Saewe noted that part of the solution in reducing cost-per-part in automotive could be to get the most out of existing AM technologies using what’s called an ‘adaptive process strategy’. This refers to, rather than using one set of parameters for an entire part, instead using parameters that deliver the exact level of quality required for each segment of the part. “For example, there are certain areas of automotive parts that have larger forces acting on them than others, and it is here where the parameters delivering the highest-quality – and consequently the longest print times – will be required. For the other areas of the part, less time could be taken, which while delivering ‘less’ quality, would actually increase productivity while delivering the exact level of quality required. This adaptive strategy is not yet being used enough amongst developers and users of AM technology.”

Implementing such a strategy was one of Fraunhofer ILT’s main goals within the recent three-year collaborative project IDAM (Industrialisation and Digitalisation of Additive Manufacturing), which saw the development and installation of two fully autonomous serial AM production lines for automotive parts at partners BMW and GKN Additive. 

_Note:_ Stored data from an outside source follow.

(* Let $G$ be a hypo-efficient domination graph. Then $|V(G)|\leq\gamma(G)(\Delta(G)+1)-1$. Moreover: (i) Suppose $|V(G)|=\gamma(G)(\Delta(G)+1)-1$. Then (a) for every $\gamma$-set $D$ of $G$ there is exactly one vertex $y_D\in V(G)\setminus D$ such that $D$ is an efficient dominating set of $G-y_D$, and $y_D$ is adjacent to exactly $2$ vertices of $D$; and (b) every vertex belonging to some $\gamma$-set of $G$ has degree $\Delta(G)$. In particular, if every vertex of $G$ belongs to some $\gamma$-set of $G$, then $G$ is regular. (ii) If there exist a $\gamma$-set $D$ of $G$ and a vertex $y\in V(G)\setminus D$ such that $D$ is an efficient dominating set of $G-y$, $y$ is adjacent to exactly $2$ vertices of $D$, and every vertex of $D$ has degree $\Delta(G)$, then $|V(G)|=\gamma(G)(\Delta(G)+1)-1$.
   Context: All graphs are finite, simple and undirected. For $v\in V(G)$, $N[v]$ is the closed neighborhood of $v$. A set $D\subseteq V(G)$ is dominating if every vertex of $G$ not in $D$ has a neighbor in $D$; $\gamma(G)$ is the minimum size of a dominating set, and a dominating set of size $\gamma(G)$ is a $\gamma$-set. A set $D\subseteq V(H)$ is an efficient dominating set (EDS) of a graph $H$ if $|N_H[v]\cap D|=1$ for every $v\in V(H)$. $G$ is a hypo-efficient domination graph if $G$ has no EDS but $G-v$ has at least one EDS for every $v\in V(G)$. $\Delta(G)$ is the maximum degree. *)

theory Defs
  imports Main
begin

definition simple_graph :: "'a set \<Rightarrow> ('a \<Rightarrow> 'a \<Rightarrow> bool) \<Rightarrow> bool" where
  "simple_graph V E \<longleftrightarrow> finite V \<and> (\<forall>u v. E u v \<longrightarrow> u \<in> V \<and> v \<in> V)
     \<and> (\<forall>u v. E u v \<longrightarrow> E v u) \<and> (\<forall>v. \<not> E v v)"

definition nbhd :: "'a set \<Rightarrow> ('a \<Rightarrow> 'a \<Rightarrow> bool) \<Rightarrow> 'a \<Rightarrow> 'a set" where
  "nbhd V E v = {u \<in> V. E v u}"

definition closed_nbhd :: "'a set \<Rightarrow> ('a \<Rightarrow> 'a \<Rightarrow> bool) \<Rightarrow> 'a \<Rightarrow> 'a set" where
  "closed_nbhd V E v = insert v (nbhd V E v)"

definition degree :: "'a set \<Rightarrow> ('a \<Rightarrow> 'a \<Rightarrow> bool) \<Rightarrow> 'a \<Rightarrow> nat" where
  "degree V E v = card (nbhd V E v)"

definition max_degree :: "'a set \<Rightarrow> ('a \<Rightarrow> 'a \<Rightarrow> bool) \<Rightarrow> nat" where
  "max_degree V E = (if V = {} then 0 else Max (degree V E ` V))"

definition regular :: "'a set \<Rightarrow> ('a \<Rightarrow> 'a \<Rightarrow> bool) \<Rightarrow> bool" where
  "regular V E \<longleftrightarrow> (\<forall>u\<in>V. \<forall>v\<in>V. degree V E u = degree V E v)"

definition del_vertex :: "('a \<Rightarrow> 'a \<Rightarrow> bool) \<Rightarrow> 'a \<Rightarrow> ('a \<Rightarrow> 'a \<Rightarrow> bool)" where
  "del_vertex E x = (\<lambda>u v. E u v \<and> u \<noteq> x \<and> v \<noteq> x)"

definition dominating :: "'a set \<Rightarrow> ('a \<Rightarrow> 'a \<Rightarrow> bool) \<Rightarrow> 'a set \<Rightarrow> bool" where
  "dominating V E D \<longleftrightarrow> D \<subseteq> V \<and> (\<forall>v \<in> V - D. \<exists>u \<in> D. E v u)"

definition domination_number :: "'a set \<Rightarrow> ('a \<Rightarrow> 'a \<Rightarrow> bool) \<Rightarrow> nat" where
  "domination_number V E = (LEAST k. \<exists>D. dominating V E D \<and> card D = k)"

definition gamma_set :: "'a set \<Rightarrow> ('a \<Rightarrow> 'a \<Rightarrow> bool) \<Rightarrow> 'a set \<Rightarrow> bool" where
  "gamma_set V E D \<longleftrightarrow> dominating V E D \<and> card D = domination_number V E"

definition efficient_dominating :: "'a set \<Rightarrow> ('a \<Rightarrow> 'a \<Rightarrow> bool) \<Rightarrow> 'a set \<Rightarrow> bool" where
  "efficient_dominating V E D \<longleftrightarrow> D \<subseteq> V \<and> (\<forall>v \<in> V. card (closed_nbhd V E v \<inter> D) = 1)"

definition hypo_efficient_domination :: "'a set \<Rightarrow> ('a \<Rightarrow> 'a \<Rightarrow> bool) \<Rightarrow> bool" where
  "hypo_efficient_domination V E \<longleftrightarrow>
     (\<nexists>D. efficient_dominating V E D) \<and>
     (\<forall>v \<in> V. \<exists>D. efficient_dominating (V - {v}) (del_vertex E v) D)"

end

Separation of printed components in an automated separation station on BMW's new serial production line. (Image: BMW Group)

“Together these two lines demonstrate exactly how AM in automotive can be approached,” remarked Saewe. “Fraunhofer ILT was heavily involved in optimising the digital process chain, including how to adapt and control the AM machines, how to prepare all the data and how to determine the optimal process parameters for each part. This involved fusing the output of multiple, high-resolution sensors – both visual and thermal – using machine learning algorithms, which allows us to begin to predict part quality for quality assurance purposes. This prevents the need to use destructive quality assurance processes, which are both time consuming and expensive for the automotive industry.”

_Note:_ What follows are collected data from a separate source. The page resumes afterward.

lemma nz_step_ext_run: "i < length (snd h) \<Longrightarrow> nz_step NZ (ext_run h \<alpha> q') i = nz_step NZ h i"
  by (simp add: nz_step_def ext_run_def nth_append)

lemma nz_step_ext_run_length:
  "nz_step NZ (ext_run h \<alpha> q') (length (snd h)) \<longleftrightarrow> (last_st h, \<alpha>) \<in> NZ"
  by (simp add: nz_step_def ext_run_def)

lemma IndNZn_fin_ext_run:
  "IndNZn_fin NZ n (ext_run h \<alpha> q') =
     IndNZn_fin NZ n h \<union> (if counts_next NZ n h \<alpha> then {length (snd h)} else {})"
proof -
  have count_eq: "{j. j < i \<and> nz_step NZ (ext_run h \<alpha> q') j} = {j. j < i \<and> nz_step NZ h j}"
    if "i \<le> length (snd h)" for i
    using that nz_step_ext_run[of _ h NZ \<alpha> q'] by auto
  have "i < length (snd (ext_run h \<alpha> q')) \<longleftrightarrow> i < length (snd h) \<or> i = length (snd h)" for i
    by (auto simp: ext_run_def)
  then show ?thesis
    unfolding IndNZn_fin_def counts_next_def
    using count_eq nz_step_ext_run[of _ h NZ \<alpha> q'] nz_step_ext_run_length[of NZ h \<alpha> q']
    by (auto simp: less_imp_le)
qed

lemma length_notin_IndNZn_fin: "length (snd h) \<notin> IndNZn_fin NZ n h"
  by (simp add: IndNZn_fin_def)

lemma finite_IndNZn_fin: "finite (IndNZn_fin NZ n h)"
  by (simp add: IndNZn_fin_def)

lemma c_n_fin_ext_run:
  "c_n_fin NZ n (ext_run h \<alpha> q') = c_n_fin NZ n h + (if counts_next NZ n h \<alpha> then 1 else 0)"
  by (simp add: c_n_fin_def IndNZn_fin_ext_run finite_IndNZn_fin length_notin_IndNZn_fin)

lemma s_n_fin_ext_run:
  "s_n_fin NZ v n (ext_run h \<alpha> q') =
     s_n_fin NZ v n h + (if counts_next NZ n h \<alpha> then v (ext_run h \<alpha> q') else 0)"
proof -
  have "(\<Sum>i\<in>IndNZn_fin NZ n h. v (fst h, take (Suc i) (snd h @ [(\<alpha>, q')]))) = s_n_fin NZ v n h"
    unfolding s_n_fin_def by (rule sum.cong) (auto simp: IndNZn_fin_def)
  then show ?thesis
    unfolding s_n_fin_def[of _ _ _ "ext_run h \<alpha> q'"] IndNZn_fin_ext_run
    by (simp add: finite_IndNZn_fin length_notin_IndNZn_fin ext_run_def)
qed

lemma cyl_prob_ext_run:
  "cyl_prob \<delta> \<sigma> q (ext_run h \<alpha> q') =
     cyl_prob \<delta> \<sigma> q h * pmf (\<sigma> h) \<alpha> * pmf (\<delta> (last_st h) \<alpha>) q'"
proof -
  obtain q0 xs where h: "h = (q0, xs)" by fastforce
  have "(\<Prod>i<length xs. pmf (\<sigma> (q0, take i (xs @ [(\<alpha>, q')]))) (fst ((xs @ [(\<alpha>, q')]) ! i)) *
          pmf (\<delta> (last_st (q0, take i (xs @ [(\<alpha>, q')])))
            (fst ((xs @ [(\<alpha>, q')]) ! i))) (snd ((xs @ [(\<alpha>, q')]) ! i)))
      = (\<Prod>i<length xs. pmf (\<sigma> (q0, take i xs)) (fst (xs ! i)) *
          pmf (\<delta> (last_st (q0, take i xs)) (fst (xs ! i))) (snd (xs ! i)))"
    by (rule prod.cong) (auto simp: nth_append)
  then show ?thesis
    unfolding h cyl_prob_def ext_run_def by (simp add: algebra_simps)
qed

lemma cyl_prob_nonneg: "cyl_prob \<delta> \<sigma> q h \<ge> 0"
  unfolding cyl_prob_def by (auto intro!: prod_nonneg)

lemma cyl_prob_Nil: "cyl_prob \<delta> \<sigma> q (q0, []) = (if q0 = q then 1 else 0)"
  by (simp add: cyl_prob_def)

lemma hoeffding_lemma_pmf:
  fixes p :: "'b::finite pmf" and x :: "'b \<Rightarrow> real"
  assumes bounds: "\<And>y. a \<le> x y \<and> x y \<le> b"
    and mean: "(\<Sum>y\<in>UNIV. pmf p y * x y) \<le> \<eta>" and "l > 0"
  shows "(\<Sum>y\<in>UNIV. pmf p y * exp (l * (x y - \<eta>))) \<le> exp (l\<^sup>2 * (b - a)\<^sup>2 / 8)"
proof -
  interpret interval_bounded_random_variable "measure_pmf p" x a b
    by unfold_locales (use bounds in auto)
  have expectation: "measure_pmf.expectation p x = (\<Sum>y\<in>UNIV. pmf p y * x y)"
    using integral_measure_pmf_real[of UNIV p x] by (simp add: mult.commute)
  have "ennreal (\<Sum>y\<in>UNIV. pmf p y * exp (l * (x y - measure_pmf.expectation p x)))
      = (\<integral>\<^sup>+y. exp (l * (x y - measure_pmf.expectation p x)) \<partial>measure_pmf p)"
    by (subst nn_integral_measure_pmf_support[where A = UNIV])
      (auto simp: mult.commute sum_ennreal[symmetric] ennreal_mult)
  also have "\<dots> \<le> ennreal (exp (l\<^sup>2 * (b - a)\<^sup>2 / 8))"
    by (rule Hoeffdings_lemma_nn_integral[OF \<open>l > 0\<close>])
  finally have centered:
    "(\<Sum>y\<in>UNIV. pmf p y * exp (l * (x y - measure_pmf.expectation p x))) \<le> exp (l\<^sup>2 * (b - a)\<^sup>2 / 8)"
    by (simp add: ennreal_le_iff2)
  have "exp (l * (x y - \<eta>)) \<le> exp (l * (x y - measure_pmf.expectation p x))" for y
    using \<open>l > 0\<close> mean expectation by (simp add: mult_left_mono)
  then have "(\<Sum>y\<in>UNIV. pmf p y * exp (l * (x y - \<eta>)))
      \<le> (\<Sum>y\<in>UNIV. pmf p y * exp (l * (x y - measure_pmf.expectation p x)))"
    by (intro sum_mono mult_left_mono) auto
  with centered show ?thesis by linarith
qed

The new lines will use laser powder bed fusion (LPBF) technology to produce around 50,000 components per year in common part production, as well as more than 10,000 individual and new parts. Using LPBF means certain tools are no longer required and new design possibilities can be realised to produce the parts – which greatly increases flexibility and cost-effectiveness for BMW and GKN Additive.

However, despite the great success of this project, Saewe believes the automotive industry is still a ways off from using AM to produce parts for consumer vehicles. “In addition to working with BMW, we’re also working together with other automotive companies to develop new AM parts and materials,” she said. “It’s through this work (in addition to project IDAM) that we’re really seeing the challenges automotive firms have to face in developing a business case for the technology – the sheer volume of parts that have to be made to even begin justifying AM usage is extremely high.”

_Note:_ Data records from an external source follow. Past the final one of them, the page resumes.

lemma streams_diff_subset_returns_below:
  "\<Omega> - (to_top z \<union> to_bot z) \<subseteq> (\<Union>k::nat. returns_below (real k) z)"
proof
  fix \<omega> assume \<omega>: "\<omega> \<in> \<Omega> - (to_top z \<union> to_bot z)"
  then obtain k :: nat where "\<not> eventually (\<lambda>n. real k \<le> walk \<omega> n z) sequentially"
    by (auto simp: to_top_def filterlim_at_top_iff_of_nat)
  then have "\<exists>\<^sub>\<infinity>n. walk \<omega> n z \<le> real k"
    by (auto simp: INFM_nat_le eventually_sequentially not_le) (meson less_imp_le)
  with \<omega> show "\<omega> \<in> (\<Union>k::nat. returns_below (real k) z)"
    by (auto simp: returns_below_def)
qed

lemma measure_to_top_add_to_bot:
  assumes "\<And>c. measure M (to_bot c) > 0"
  shows "measure M (to_top z) + measure M (to_bot z) = 1"
proof -
  have "(\<Union>k::nat. returns_below (real k) z) \<in> null_sets M"
    using measure_returns_below_eq_0[OF assms]
    by (intro null_sets_UN) (simp add: null_sets_def P.emeasure_eq_measure)
  then have "\<Omega> - (to_top z \<union> to_bot z) \<in> null_sets M"
    by (rule null_sets_subset[OF _ _ streams_diff_subset_returns_below]) auto
  then have "measure M (\<Omega> - (to_top z \<union> to_bot z)) = 0"
    by (rule measure_eq_0_null_sets)
  moreover have "measure M (\<Omega> - (to_top z \<union> to_bot z)) = 1 - measure M (to_top z \<union> to_bot z)"
    using to_top_subset_streams to_bot_subset_streams
    by (subst P.finite_measure_Diff) (auto simp: measure_streams)
  moreover have "measure M (to_top z \<union> to_bot z) = measure M (to_top z) + measure M (to_bot z)"
    using to_top_Int_to_bot by (intro P.finite_measure_Union) auto
  ultimately show ?thesis
    by simp
qed

end

theorem proposition2:
  fixes \<mu> :: "(real \<Rightarrow> real) pmf"
  assumes "\<forall>f \<in> set_pmf \<mu>. homeo_plus f"
    and "shiftable \<mu>"
    and "\<exists>x y. phi_plus \<mu> x > 0 \<and> phi_minus \<mu> y > 0"
  shows "\<forall>z. phi_plus \<mu> z + phi_minus \<mu> z = 1"
proof -
  interpret homeo_walk \<mu>
    using assms(1) by unfold_locales
  from assms(3) obtain y where "measure M (to_bot y) > 0"
    by (auto simp: phi_minus_eq)
  then have "measure M (to_bot c) > 0" for c
    using measure_to_bot_pos[OF assms(2)] by blast
  then show ?thesis
    using measure_to_top_add_to_bot by (simp add: phi_plus_eq phi_minus_eq)
qed

end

Laser advances helping drive productivity

In addition to improvements along the digital process chain, Saewe noted that the recent introduction of multi-laser scanning strategies as well as beam shaping technologies are helping dramatically increase the productivity of AM.

“These advancements will all strongly benefit the automotive industry,” she remarked. “We’re seeing more and more system providers launch multi-laser systems that ramp up AM productivity.” The most extreme of these is currently SLM Solutions’ NXG XII 600 series, which utilises twelve 1kW lasers to offer build rates of up to 1,000cm3/hr. 

In addition, lasers with in-built beam shaping functionality have the potential to dramatically improve productivity, Saewe continued. Such sources enable rapid switching from Gaussian beam shapes to ring-mode shapes and have been emerging for applications such as cutting and welding in recent years, and more lately for additive manufacturing.

Fraunhofer ILT displayed a part produced by a multi-laser gantry system at Formnext this year – an 800mm diameter turbine rear frame made of nickel-alloy 718.

“These different intensity distributions are able to induce more laser power into the parts without introducing defects, meaning the process speed can be increased,” Saewe explained. “And so that's something I think will be used more and more in additive manufacturing – some machine providers have already announced the integration of those lasers into their commercial systems.”

Fraunhofer ILT has recently been bringing all the latest AM advancements together in the development and optimisation of its own systems being developed and built in-house.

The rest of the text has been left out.